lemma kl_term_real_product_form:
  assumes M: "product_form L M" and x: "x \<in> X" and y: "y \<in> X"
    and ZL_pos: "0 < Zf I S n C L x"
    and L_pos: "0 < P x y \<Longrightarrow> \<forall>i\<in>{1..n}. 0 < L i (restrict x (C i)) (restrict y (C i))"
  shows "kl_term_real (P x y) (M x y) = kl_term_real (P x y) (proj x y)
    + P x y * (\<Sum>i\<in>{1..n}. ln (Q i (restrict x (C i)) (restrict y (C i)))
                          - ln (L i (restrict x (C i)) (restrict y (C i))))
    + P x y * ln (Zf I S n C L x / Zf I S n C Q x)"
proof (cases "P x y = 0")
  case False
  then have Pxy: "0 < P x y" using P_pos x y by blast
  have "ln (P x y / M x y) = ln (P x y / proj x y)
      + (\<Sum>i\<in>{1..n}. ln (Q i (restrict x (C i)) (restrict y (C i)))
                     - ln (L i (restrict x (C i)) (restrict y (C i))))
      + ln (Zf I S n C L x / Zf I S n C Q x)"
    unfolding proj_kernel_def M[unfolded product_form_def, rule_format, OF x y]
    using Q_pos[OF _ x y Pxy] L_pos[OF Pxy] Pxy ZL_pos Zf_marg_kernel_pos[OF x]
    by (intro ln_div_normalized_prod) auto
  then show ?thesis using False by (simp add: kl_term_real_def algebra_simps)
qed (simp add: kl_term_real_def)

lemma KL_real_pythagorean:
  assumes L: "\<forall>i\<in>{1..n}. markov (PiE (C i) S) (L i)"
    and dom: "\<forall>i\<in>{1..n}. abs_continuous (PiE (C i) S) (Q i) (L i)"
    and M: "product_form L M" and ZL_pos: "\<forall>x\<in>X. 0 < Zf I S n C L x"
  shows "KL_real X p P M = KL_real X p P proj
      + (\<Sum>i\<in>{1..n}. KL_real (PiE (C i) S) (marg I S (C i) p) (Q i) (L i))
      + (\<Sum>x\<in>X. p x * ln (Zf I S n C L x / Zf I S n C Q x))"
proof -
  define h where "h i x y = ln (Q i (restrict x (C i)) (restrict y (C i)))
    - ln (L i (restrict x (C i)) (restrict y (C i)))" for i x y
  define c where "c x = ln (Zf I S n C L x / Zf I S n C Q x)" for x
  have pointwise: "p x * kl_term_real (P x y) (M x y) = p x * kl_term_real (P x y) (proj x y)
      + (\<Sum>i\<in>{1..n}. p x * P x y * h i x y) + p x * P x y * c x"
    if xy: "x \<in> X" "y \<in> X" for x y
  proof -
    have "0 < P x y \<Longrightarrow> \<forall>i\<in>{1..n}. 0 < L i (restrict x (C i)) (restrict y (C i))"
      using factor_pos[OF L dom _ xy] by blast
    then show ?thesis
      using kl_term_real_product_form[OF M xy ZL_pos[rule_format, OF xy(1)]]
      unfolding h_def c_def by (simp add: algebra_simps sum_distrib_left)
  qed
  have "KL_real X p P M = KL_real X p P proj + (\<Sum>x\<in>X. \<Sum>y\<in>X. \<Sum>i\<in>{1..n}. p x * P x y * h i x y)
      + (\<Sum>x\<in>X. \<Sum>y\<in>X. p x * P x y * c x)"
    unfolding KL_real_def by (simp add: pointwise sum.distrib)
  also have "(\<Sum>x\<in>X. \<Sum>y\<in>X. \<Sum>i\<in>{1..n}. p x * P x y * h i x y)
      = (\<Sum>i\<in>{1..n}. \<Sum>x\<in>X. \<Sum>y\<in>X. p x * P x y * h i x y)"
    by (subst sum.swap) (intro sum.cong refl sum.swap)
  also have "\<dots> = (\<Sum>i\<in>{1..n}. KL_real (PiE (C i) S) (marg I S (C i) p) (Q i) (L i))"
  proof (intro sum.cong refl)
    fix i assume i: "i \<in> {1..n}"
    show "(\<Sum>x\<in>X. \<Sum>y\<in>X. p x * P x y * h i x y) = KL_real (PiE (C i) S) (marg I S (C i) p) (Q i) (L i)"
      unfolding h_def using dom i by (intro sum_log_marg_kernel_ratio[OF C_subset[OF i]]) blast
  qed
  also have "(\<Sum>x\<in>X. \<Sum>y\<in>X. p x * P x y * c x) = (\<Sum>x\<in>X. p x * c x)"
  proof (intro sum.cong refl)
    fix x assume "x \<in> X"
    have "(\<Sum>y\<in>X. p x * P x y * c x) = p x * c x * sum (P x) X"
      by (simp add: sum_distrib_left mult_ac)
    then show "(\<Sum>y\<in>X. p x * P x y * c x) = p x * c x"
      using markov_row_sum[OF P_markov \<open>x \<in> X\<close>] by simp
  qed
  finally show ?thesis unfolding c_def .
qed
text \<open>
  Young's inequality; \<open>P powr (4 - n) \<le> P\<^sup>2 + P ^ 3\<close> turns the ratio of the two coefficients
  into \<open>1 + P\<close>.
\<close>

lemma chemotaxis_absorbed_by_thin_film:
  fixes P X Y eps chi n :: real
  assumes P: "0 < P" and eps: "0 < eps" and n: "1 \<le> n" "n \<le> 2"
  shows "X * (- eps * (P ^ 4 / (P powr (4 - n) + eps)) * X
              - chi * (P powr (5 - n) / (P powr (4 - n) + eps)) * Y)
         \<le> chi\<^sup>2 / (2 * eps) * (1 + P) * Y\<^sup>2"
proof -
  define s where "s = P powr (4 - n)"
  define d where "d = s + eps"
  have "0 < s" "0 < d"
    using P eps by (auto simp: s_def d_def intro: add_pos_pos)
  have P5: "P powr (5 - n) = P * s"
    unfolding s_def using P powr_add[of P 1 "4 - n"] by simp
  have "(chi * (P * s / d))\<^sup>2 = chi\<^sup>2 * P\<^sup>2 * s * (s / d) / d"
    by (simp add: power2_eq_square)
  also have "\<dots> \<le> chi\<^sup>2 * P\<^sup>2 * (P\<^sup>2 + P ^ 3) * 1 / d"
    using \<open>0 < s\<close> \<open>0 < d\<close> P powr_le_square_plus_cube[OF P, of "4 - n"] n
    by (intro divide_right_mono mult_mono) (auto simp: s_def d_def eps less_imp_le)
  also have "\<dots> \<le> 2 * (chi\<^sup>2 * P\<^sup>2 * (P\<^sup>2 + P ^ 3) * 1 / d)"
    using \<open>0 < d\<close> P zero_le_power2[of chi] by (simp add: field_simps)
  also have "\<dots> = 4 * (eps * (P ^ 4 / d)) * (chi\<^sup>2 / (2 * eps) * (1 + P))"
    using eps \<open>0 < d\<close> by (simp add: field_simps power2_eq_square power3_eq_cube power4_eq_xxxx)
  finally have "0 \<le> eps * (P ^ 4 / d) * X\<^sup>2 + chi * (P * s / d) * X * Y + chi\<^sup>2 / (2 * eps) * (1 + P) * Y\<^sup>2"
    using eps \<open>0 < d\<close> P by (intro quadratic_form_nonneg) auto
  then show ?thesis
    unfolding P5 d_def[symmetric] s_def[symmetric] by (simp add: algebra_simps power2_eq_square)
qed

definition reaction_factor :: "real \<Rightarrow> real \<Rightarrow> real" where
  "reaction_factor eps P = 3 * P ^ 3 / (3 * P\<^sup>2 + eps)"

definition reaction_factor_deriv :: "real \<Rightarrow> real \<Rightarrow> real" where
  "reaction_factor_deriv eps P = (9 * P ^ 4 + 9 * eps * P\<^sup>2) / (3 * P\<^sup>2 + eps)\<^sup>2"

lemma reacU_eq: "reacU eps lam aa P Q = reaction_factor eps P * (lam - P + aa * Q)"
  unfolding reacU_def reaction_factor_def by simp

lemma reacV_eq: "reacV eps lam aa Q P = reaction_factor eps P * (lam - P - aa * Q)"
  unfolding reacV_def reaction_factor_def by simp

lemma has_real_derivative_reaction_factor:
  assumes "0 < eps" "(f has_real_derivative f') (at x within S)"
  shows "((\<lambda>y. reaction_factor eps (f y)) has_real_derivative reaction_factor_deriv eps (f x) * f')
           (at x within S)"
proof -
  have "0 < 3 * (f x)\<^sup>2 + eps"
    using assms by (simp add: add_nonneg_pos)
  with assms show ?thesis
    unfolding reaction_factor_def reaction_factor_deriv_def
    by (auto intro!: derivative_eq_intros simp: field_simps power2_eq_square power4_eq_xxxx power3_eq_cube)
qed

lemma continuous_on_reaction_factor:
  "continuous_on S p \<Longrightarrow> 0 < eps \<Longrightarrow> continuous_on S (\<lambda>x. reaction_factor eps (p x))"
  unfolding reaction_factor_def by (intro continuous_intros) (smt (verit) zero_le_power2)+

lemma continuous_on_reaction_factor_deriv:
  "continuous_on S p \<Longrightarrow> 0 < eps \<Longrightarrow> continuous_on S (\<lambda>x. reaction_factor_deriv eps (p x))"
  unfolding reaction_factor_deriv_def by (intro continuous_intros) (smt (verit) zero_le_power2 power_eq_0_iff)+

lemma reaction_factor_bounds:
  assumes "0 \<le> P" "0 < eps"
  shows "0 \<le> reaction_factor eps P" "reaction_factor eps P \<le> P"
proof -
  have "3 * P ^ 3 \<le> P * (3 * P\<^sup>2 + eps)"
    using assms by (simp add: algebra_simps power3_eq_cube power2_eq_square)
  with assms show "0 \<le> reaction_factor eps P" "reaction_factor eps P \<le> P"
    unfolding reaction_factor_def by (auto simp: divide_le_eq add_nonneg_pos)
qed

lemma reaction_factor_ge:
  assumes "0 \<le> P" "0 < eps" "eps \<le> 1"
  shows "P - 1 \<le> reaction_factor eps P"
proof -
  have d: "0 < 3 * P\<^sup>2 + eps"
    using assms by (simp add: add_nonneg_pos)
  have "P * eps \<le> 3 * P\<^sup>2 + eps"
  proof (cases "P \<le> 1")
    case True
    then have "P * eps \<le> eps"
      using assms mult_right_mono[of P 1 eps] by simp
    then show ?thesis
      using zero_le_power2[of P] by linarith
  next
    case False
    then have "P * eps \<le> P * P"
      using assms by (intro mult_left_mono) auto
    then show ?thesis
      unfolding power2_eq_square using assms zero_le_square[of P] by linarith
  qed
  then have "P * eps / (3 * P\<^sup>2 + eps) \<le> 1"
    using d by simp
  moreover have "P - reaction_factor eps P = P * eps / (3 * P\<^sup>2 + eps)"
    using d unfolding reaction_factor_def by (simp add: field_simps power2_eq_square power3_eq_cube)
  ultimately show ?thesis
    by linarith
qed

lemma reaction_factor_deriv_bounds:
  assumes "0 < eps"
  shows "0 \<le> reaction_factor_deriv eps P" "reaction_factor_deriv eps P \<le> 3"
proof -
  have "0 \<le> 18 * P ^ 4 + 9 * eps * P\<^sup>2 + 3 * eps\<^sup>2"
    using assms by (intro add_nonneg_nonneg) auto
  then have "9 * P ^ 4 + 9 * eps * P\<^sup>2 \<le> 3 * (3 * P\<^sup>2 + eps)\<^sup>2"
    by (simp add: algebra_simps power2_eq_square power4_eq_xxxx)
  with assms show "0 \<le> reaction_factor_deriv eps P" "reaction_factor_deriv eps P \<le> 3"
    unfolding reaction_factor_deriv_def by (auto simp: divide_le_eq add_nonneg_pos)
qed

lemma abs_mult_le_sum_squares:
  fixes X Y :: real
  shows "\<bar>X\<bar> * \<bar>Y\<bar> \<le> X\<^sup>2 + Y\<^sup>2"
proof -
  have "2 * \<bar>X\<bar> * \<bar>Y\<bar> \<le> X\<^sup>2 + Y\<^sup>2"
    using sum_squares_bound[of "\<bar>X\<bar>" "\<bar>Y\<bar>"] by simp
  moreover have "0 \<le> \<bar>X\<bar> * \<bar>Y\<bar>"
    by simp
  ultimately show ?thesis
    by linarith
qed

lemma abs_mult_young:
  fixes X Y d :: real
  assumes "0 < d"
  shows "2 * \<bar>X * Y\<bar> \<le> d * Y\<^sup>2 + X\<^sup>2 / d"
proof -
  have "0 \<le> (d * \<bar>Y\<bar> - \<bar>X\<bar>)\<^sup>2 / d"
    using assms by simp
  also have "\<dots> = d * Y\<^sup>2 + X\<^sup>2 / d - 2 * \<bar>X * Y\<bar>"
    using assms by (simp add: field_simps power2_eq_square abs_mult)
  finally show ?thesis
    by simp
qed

[WHAT TO WORK ON]:
From the first line of the listing above to the line that contains "y) = kl_term_real", inclusive, restate every line word for word. Nothing else belongs in the answer.

[EXERCISE ANSWER]:
lemma kl_term_real_product_form:
  assumes M: "product_form L M" and x: "x \<in> X" and y: "y \<in> X"
    and ZL_pos: "0 < Zf I S n C L x"
    and L_pos: "0 < P x y \<Longrightarrow> \<forall>i\<in>{1..n}. 0 < L i (restrict x (C i)) (restrict y (C i))"
  shows "kl_term_real (P x y) (M x y) = kl_term_real (P x y) (proj x y)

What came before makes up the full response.